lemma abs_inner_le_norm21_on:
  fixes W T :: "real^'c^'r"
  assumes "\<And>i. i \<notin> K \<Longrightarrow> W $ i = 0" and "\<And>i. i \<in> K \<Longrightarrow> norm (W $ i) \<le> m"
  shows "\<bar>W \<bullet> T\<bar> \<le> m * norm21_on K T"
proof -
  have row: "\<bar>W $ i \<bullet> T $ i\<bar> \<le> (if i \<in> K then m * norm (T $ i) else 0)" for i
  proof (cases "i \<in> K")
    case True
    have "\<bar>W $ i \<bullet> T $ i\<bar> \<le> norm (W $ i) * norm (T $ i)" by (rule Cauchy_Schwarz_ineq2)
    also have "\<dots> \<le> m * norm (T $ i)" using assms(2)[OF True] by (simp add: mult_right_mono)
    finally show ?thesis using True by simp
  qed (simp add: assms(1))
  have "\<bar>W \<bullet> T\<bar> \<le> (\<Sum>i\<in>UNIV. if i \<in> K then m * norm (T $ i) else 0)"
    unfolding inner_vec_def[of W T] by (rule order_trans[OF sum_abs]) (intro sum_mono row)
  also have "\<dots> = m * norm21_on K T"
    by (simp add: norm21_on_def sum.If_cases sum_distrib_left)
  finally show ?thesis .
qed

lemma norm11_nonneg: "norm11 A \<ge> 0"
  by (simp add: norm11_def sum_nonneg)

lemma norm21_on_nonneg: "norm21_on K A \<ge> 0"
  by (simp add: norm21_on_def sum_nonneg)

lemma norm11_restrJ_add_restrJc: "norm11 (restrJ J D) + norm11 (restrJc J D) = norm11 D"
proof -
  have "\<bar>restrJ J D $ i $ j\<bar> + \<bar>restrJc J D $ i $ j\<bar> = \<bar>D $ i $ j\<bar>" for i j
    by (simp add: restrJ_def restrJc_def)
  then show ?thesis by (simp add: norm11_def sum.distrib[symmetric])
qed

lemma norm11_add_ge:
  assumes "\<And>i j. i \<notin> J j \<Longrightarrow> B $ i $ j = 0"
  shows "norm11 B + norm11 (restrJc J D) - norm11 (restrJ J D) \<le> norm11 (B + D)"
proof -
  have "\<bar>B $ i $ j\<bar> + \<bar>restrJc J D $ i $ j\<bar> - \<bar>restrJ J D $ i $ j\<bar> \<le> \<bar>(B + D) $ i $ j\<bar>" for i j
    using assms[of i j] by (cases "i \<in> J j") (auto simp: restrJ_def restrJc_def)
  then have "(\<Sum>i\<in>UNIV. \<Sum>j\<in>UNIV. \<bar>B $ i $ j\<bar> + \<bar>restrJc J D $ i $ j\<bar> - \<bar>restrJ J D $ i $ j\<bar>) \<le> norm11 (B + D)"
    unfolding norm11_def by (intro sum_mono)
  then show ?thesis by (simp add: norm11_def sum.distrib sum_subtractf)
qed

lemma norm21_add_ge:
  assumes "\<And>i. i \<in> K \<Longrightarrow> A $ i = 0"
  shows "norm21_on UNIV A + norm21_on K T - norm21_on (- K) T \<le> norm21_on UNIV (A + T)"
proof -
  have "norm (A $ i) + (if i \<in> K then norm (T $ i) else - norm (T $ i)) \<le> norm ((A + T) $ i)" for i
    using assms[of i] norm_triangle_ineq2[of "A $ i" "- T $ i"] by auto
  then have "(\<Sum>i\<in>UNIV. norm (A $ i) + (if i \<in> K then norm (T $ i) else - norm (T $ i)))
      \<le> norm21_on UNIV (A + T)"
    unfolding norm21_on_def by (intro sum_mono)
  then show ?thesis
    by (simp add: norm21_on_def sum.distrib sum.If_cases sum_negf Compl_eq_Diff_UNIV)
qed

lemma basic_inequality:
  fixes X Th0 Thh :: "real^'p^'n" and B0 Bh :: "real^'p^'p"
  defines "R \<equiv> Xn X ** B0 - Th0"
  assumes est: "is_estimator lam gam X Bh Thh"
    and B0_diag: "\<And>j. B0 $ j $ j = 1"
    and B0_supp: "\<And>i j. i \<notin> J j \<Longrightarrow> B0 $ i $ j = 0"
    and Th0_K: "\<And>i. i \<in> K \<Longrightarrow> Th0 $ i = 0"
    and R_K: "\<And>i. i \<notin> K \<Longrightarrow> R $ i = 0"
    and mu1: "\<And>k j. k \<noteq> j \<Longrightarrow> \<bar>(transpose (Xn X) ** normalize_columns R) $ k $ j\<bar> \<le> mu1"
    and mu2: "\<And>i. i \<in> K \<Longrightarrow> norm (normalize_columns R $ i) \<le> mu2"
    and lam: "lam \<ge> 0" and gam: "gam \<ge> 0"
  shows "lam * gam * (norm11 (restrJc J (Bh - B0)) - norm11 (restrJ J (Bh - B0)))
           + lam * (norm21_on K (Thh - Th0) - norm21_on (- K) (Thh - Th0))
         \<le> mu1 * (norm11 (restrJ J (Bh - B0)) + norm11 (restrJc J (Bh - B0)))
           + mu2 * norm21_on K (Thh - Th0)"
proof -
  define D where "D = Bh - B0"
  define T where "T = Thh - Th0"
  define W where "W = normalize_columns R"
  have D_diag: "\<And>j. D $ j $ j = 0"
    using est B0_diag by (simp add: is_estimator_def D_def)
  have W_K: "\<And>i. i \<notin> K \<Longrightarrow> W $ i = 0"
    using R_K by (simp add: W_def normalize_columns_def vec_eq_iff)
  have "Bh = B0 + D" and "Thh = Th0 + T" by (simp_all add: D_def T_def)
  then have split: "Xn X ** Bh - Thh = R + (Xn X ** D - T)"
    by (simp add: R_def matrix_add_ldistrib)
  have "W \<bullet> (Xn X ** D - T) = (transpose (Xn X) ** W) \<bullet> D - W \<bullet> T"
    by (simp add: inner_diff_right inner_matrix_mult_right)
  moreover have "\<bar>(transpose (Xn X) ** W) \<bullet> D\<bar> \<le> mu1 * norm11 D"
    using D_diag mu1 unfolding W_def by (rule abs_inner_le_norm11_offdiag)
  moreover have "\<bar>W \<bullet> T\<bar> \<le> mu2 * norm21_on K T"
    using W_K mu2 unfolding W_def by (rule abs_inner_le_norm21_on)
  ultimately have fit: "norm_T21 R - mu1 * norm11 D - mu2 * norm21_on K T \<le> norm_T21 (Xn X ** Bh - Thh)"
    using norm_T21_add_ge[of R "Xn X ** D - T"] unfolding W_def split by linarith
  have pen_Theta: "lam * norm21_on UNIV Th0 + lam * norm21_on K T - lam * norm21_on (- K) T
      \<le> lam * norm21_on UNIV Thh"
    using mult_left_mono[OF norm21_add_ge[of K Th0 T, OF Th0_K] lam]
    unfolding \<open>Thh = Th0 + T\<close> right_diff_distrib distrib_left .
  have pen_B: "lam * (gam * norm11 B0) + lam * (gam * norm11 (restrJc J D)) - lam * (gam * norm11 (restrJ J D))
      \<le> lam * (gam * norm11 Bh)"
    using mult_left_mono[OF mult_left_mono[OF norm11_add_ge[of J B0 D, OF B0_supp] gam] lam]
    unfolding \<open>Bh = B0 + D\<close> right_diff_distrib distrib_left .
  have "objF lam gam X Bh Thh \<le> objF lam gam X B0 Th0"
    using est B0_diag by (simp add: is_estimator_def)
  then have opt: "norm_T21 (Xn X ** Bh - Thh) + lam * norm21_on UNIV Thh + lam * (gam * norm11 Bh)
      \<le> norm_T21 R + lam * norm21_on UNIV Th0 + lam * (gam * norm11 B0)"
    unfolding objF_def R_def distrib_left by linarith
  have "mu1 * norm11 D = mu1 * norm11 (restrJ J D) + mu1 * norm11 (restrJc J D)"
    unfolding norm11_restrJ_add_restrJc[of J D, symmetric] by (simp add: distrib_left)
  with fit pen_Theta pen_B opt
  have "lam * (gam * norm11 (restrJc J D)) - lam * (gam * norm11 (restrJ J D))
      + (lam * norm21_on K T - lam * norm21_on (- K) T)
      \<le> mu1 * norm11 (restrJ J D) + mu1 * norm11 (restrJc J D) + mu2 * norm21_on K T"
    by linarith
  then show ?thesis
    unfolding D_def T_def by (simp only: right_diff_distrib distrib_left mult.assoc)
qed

THE TASK: Each line holding "unfolding" should be copied from the material above.

YOUR RESPONSE:
    unfolding inner_vec_def[of W T] by (rule order_trans[OF sum_abs]) (intro sum_mono row)
    unfolding norm11_def by (intro sum_mono)
    unfolding norm21_on_def by (intro sum_mono)
    using D_diag mu1 unfolding W_def by (rule abs_inner_le_norm11_offdiag)
    using W_K mu2 unfolding W_def by (rule abs_inner_le_norm21_on)
    using norm_T21_add_ge[of R "Xn X ** D - T"] unfolding W_def split by linarith
    unfolding \<open>Thh = Th0 + T\<close> right_diff_distrib distrib_left .
    unfolding \<open>Bh = B0 + D\<close> right_diff_distrib distrib_left .
    unfolding objF_def R_def distrib_left by linarith
    unfolding norm11_restrJ_add_restrJc[of J D, symmetric] by (simp add: distrib_left)
    unfolding D_def T_def by (simp only: right_diff_distrib distrib_left mult.assoc)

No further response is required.